Data records Block Start

lemma alt_seqs_Suc:
  assumes "1 \<le> n" "1 \<le> t" "t \<le> k"
  shows "alt_seqs (Suc n) k r t = (\<lambda>b. b @ [t]) `
    (\<Union>s \<in> {s. s \<le> k \<and> (if odd n then s \<le> t else t \<le> s)}. alt_seqs n k r s)"
proof (intro equalityI subsetI)
  fix a
  assume a: "a \<in> alt_seqs (Suc n) k r t"
  define b where "b = butlast a"
  have "a \<noteq> []" "last a = t" "length b = n"
    using alt_seqs_memD[OF a] by (auto simp: b_def)
  then have "a = b @ [t]"
    unfolding b_def by (metis append_butlast_last_id)
  with a have "b \<in> alt_seqs n k r (last b)" "last b \<le> k" "if odd n then last b \<le> t else t \<le> last b"
    using snoc_in_alt_seqs_iff[OF assms(1) \<open>length b = n\<close>] alt_seqs_memD(5) by auto
  with \<open>a = b @ [t]\<close> show "a \<in> (\<lambda>b. b @ [t]) ` (\<Union>s \<in> {s. s \<le> k \<and> (if odd n then s \<le> t else t \<le> s)}. alt_seqs n k r s)"
    by blast
next
  fix a
  assume "a \<in> (\<lambda>b. b @ [t]) ` (\<Union>s \<in> {s. s \<le> k \<and> (if odd n then s \<le> t else t \<le> s)}. alt_seqs n k r s)"
  then obtain b s where "a = b @ [t]" "b \<in> alt_seqs n k r s" "if odd n then s \<le> t else t \<le> s"
    by auto
  moreover have "length b = n" "last b = s"
    using alt_seqs_memD \<open>b \<in> alt_seqs n k r s\<close> by blast+
  ultimately show "a \<in> alt_seqs (Suc n) k r t"
    using snoc_in_alt_seqs_iff[OF assms(1)] assms(2,3) by simp
qed

lemma card_alt_seqs_Suc:
  assumes "1 \<le> n" "1 \<le> t" "t \<le> k"
  shows "card (alt_seqs (Suc n) k r t) =
    (\<Sum>s | s \<le> k \<and> (if odd n then s \<le> t else t \<le> s). card (alt_seqs n k r s))"
proof -
  let ?S = "{s. s \<le> k \<and> (if odd n then s \<le> t else t \<le> s)}"
  have "card (alt_seqs (Suc n) k r t) = card (\<Union>s \<in> ?S. alt_seqs n k r s)"
    unfolding alt_seqs_Suc[OF assms] by (rule card_image) (simp add: inj_on_def)
  also have "\<dots> = (\<Sum>s \<in> ?S. card (alt_seqs n k r s))"
    by (rule card_UN_disjoint) (auto simp: finite_alt_seqs dest: alt_seqs_memD(3))
  finally show ?thesis .
qed

lemma card_alt_seqs_ascent:
  assumes "odd n" "t \<le> k"
  shows "card (alt_seqs (Suc n) k r t) = (\<Sum>s\<le>t. card (alt_seqs n k r s))"
proof (cases "t = 0")
  case True
  then show ?thesis by (simp add: alt_seqs_eq_empty)
next
  case False
  have "{s. s \<le> k \<and> s \<le> t} = {..t}"
    using assms(2) by auto
  then show ?thesis
    using card_alt_seqs_Suc[of n t k r] assms False odd_pos[of n] by simp
qed

lemma card_alt_seqs_descent:
  assumes "even n" "2 \<le> n" "1 \<le> t"
  shows "card (alt_seqs (Suc n) k r t) = (\<Sum>s \<in> {t..k}. card (alt_seqs n k r s))"
proof (cases "t \<le> k")
  case True
  have "{s. s \<le> k \<and> t \<le> s} = {t..k}"
    by auto
  then show ?thesis
    using card_alt_seqs_Suc[of n t k r] assms True by simp
next
  case False
  then show ?thesis by (simp add: alt_seqs_eq_empty)
qed

text \<open>Index j = 2t - 1 holds the odd-length sequences ending in t (even powers of x),
  index j = 2t the even-length ones (odd powers).\<close>
definition alt_gf :: "nat \<Rightarrow> nat \<Rightarrow> nat \<Rightarrow> real fps" where
  "alt_gf k r j = Abs_fps (\<lambda>m. if even m \<longleftrightarrow> odd j
      then real (card (alt_seqs (m + 1) k r ((j + 1) div 2))) else 0)"

lemma alt_gf_eq_0: "j = 0 \<or> 2 * k < j \<Longrightarrow> alt_gf k r j = 0"
  by (rule fps_ext) (auto simp: alt_gf_def alt_seqs_eq_empty)

lemma alt_gf_ascent:
  assumes "1 \<le> t" "t \<le> k"
  shows "alt_gf k r (2 * t) = alt_gf k r (2 * t - 2) + fps_X * alt_gf k r (2 * t - 1)"
proof (rule fps_ext)
  fix m
  have idx: "(2 * t - 2 + 1) div 2 = t - 1" "(2 * t - 2) div 2 = t - 1" "(2 * t - 1 + 1) div 2 = t"
    "odd (2 * t - 1)"
    using assms(1) by presburger+
  show "alt_gf k r (2 * t) $ m = (alt_gf k r (2 * t - 2) + fps_X * alt_gf k r (2 * t - 1)) $ m"
  proof (cases "odd m")
    case True
    then obtain m' where m: "m = Suc m'"
      by (cases m) auto
    have "card (alt_seqs (Suc m) k r t) = card (alt_seqs (Suc m) k r (t - 1)) + card (alt_seqs m k r t)"
      using card_alt_seqs_ascent[OF True, of t k r] card_alt_seqs_ascent[OF True, of "t - 1" k r] assms
      by (cases t) auto
    then show ?thesis
      using True assms by (simp add: alt_gf_def idx m)
  next
    case False
    then show ?thesis
      using assms by (cases m) (simp_all add: alt_gf_def idx)
  qed
qed

lemma alt_gf_descent:
  assumes "1 \<le> t" "t \<le> k" "r \<le> k"
  shows "alt_gf k r (2 * t + 1) - of_bool (t + 1 = r)
    = alt_gf k r (2 * t - 1) - of_bool (t = r) - fps_X * alt_gf k r (2 * t)"
proof (rule fps_ext)
  fix m
  have idx: "(2 * t - 1 + 1) div 2 = t" "odd (2 * t - 1)"
    using assms(1) by presburger+
  show "(alt_gf k r (2 * t + 1) - of_bool (t + 1 = r)) $ m
    = (alt_gf k r (2 * t - 1) - of_bool (t = r) - fps_X * alt_gf k r (2 * t)) $ m"
  proof (cases "m = 0")
    case True
    have "card (alt_seqs 1 k r (Suc t)) = of_bool (Suc t = r)"
      using alt_seqs_1[of "Suc t" k r] alt_seqs_eq_empty[of "Suc t" k 1 r] assms(3)
      by (cases "Suc t \<le> k") auto
    then show ?thesis
      using True assms alt_seqs_1[of t k r] by (simp add: alt_gf_def idx)
  next
    case False
    show ?thesis
    proof (cases "even m")
      case True
      then have "2 \<le> m"
        using False by presburger
      then have "card (alt_seqs (Suc m) k r t) = card (alt_seqs (Suc m) k r (Suc t)) + card (alt_seqs m k r t)"
        using card_alt_seqs_descent[OF True, of t k r] card_alt_seqs_descent[OF True, of "Suc t" k r] assms
        by (simp add: sum.atLeast_Suc_atMost)
      then show ?thesis
        using True False assms by (cases m) (simp_all add: alt_gf_def idx)
    next
      case odd: False
      then show ?thesis
        using False assms by (cases m) (simp_all add: alt_gf_def idx)
    qed
  qed
qed

text \<open>The subtracted constant counts the sequence (r) of length one.\<close>
definition signed_alt_gf :: "nat \<Rightarrow> nat \<Rightarrow> nat \<Rightarrow> real fps" where
  "signed_alt_gf k r j = (-1) ^ ((j + 1) div 2) * (alt_gf k r j - of_bool (j = 2 * r - 1))"

lemma signed_alt_gf_rec:
  assumes "1 \<le> r" "r \<le> k" "1 \<le> j" "j \<le> 2 * k"
  shows "signed_alt_gf k r (Suc j) = fps_X * signed_alt_gf k r j - signed_alt_gf k r (j - 1)
    - of_bool (j = 2 * r - 1) * ((-1) ^ (r + 1) * fps_X)"
proof (cases "odd j")
  case True
  define t where "t = (j + 1) div 2"
  have t: "1 \<le> t" "t \<le> k" "j = 2 * t - 1" "Suc j = 2 * t" "j - 1 = 2 * t - 2"
    using True assms unfolding t_def by presburger+
  have idx: "(2 * t + 1) div 2 = t" "(2 * t - 1 + 1) div 2 = t" "(2 * t - 2 + 1) div 2 = t - 1"
    and src: "2 * t \<noteq> 2 * r - 1" "2 * t - 2 \<noteq> 2 * r - 1" "2 * t - 1 = 2 * r - 1 \<longleftrightarrow> t = r"
    using t(1) assms(1) by presburger+
  have sign: "(-1) ^ (t - 1) = - ((-1) ^ t :: real fps)"
    using t(1) by (cases t) auto
  have "signed_alt_gf k r (2 * t) = (-1) ^ t * alt_gf k r (2 * t)"
    "signed_alt_gf k r (2 * t - 1) = (-1) ^ t * (alt_gf k r (2 * t - 1) - of_bool (t = r))"
    "signed_alt_gf k r (2 * t - 2) = - ((-1) ^ t * alt_gf k r (2 * t - 2))"
    using src unfolding signed_alt_gf_def idx sign by simp_all
  note signed = this
  show ?thesis
    unfolding t(4,5) unfolding t(3) signed alt_gf_ascent[OF t(1,2)] src(3)
    by (cases "t = r") (simp_all add: algebra_simps)
next
  case False
  define t where "t = j div 2"
  have t: "1 \<le> t" "t \<le> k" "j = 2 * t"
    using False assms unfolding t_def by presburger+
  have idx: "(Suc (2 * t) + 1) div 2 = t + 1" "(2 * t + 1) div 2 = t" "(2 * t - 1 + 1) div 2 = t"
    and src: "2 * t \<noteq> 2 * r - 1" "Suc (2 * t) = 2 * r - 1 \<longleftrightarrow> t + 1 = r"
      "2 * t - 1 = 2 * r - 1 \<longleftrightarrow> t = r"
    using t(1) assms(1) by presburger+
  have "signed_alt_gf k r (Suc (2 * t)) = - ((-1) ^ t * (alt_gf k r (2 * t + 1) - of_bool (t + 1 = r)))"
    "signed_alt_gf k r (2 * t) = (-1) ^ t * alt_gf k r (2 * t)"
    "signed_alt_gf k r (2 * t - 1) = (-1) ^ t * (alt_gf k r (2 * t - 1) - of_bool (t = r))"
    using src unfolding signed_alt_gf_def idx by simp_all
  note signed = this
  have "signed_alt_gf k r (Suc j)
      = - ((-1) ^ t * (alt_gf k r (2 * t - 1) - of_bool (t = r) - fps_X * alt_gf k r (2 * t)))"
    unfolding t(3) signed(1) alt_gf_descent[OF t(1,2) assms(2)] ..
  also have "\<dots> = fps_X * signed_alt_gf k r j - signed_alt_gf k r (j - 1)"
    unfolding t(3) signed(2,3) by (simp add: algebra_simps)
  finally show ?thesis
    using src(1) t(3) by simp
qed

lemma signed_alt_gf_eq_green_kernel:
  assumes "1 \<le> r" "r \<le> k" "j \<le> 2 * k + 1"
  shows "U_shift (2 * k + 1) * signed_alt_gf k r j
    = (-1) ^ (r + 1) * fps_X * green_kernel (2 * k + 1) (2 * r - 1) j"
proof (rule boundary_problem_eq_green_kernel)
  show "signed_alt_gf k r 0 = 0" "signed_alt_gf k r (2 * k + 1) = 0"
    using assms by (simp_all add: signed_alt_gf_def alt_gf_eq_0)
  show "signed_alt_gf k r (Suc i) = fps_X * signed_alt_gf k r i - signed_alt_gf k r (i - 1)
      - of_bool (i = 2 * r - 1) * ((-1) ^ (r + 1) * fps_X)" if "1 \<le> i" "i < 2 * k + 1" for i
    using signed_alt_gf_rec[OF assms(1,2) that(1)] that(2) by simp
qed (use assms in auto)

Data records Block End

**Assignment**
Show all lines in the entries above where the word "finally" appears.

**Response**
  finally show ?thesis .
  finally show ?thesis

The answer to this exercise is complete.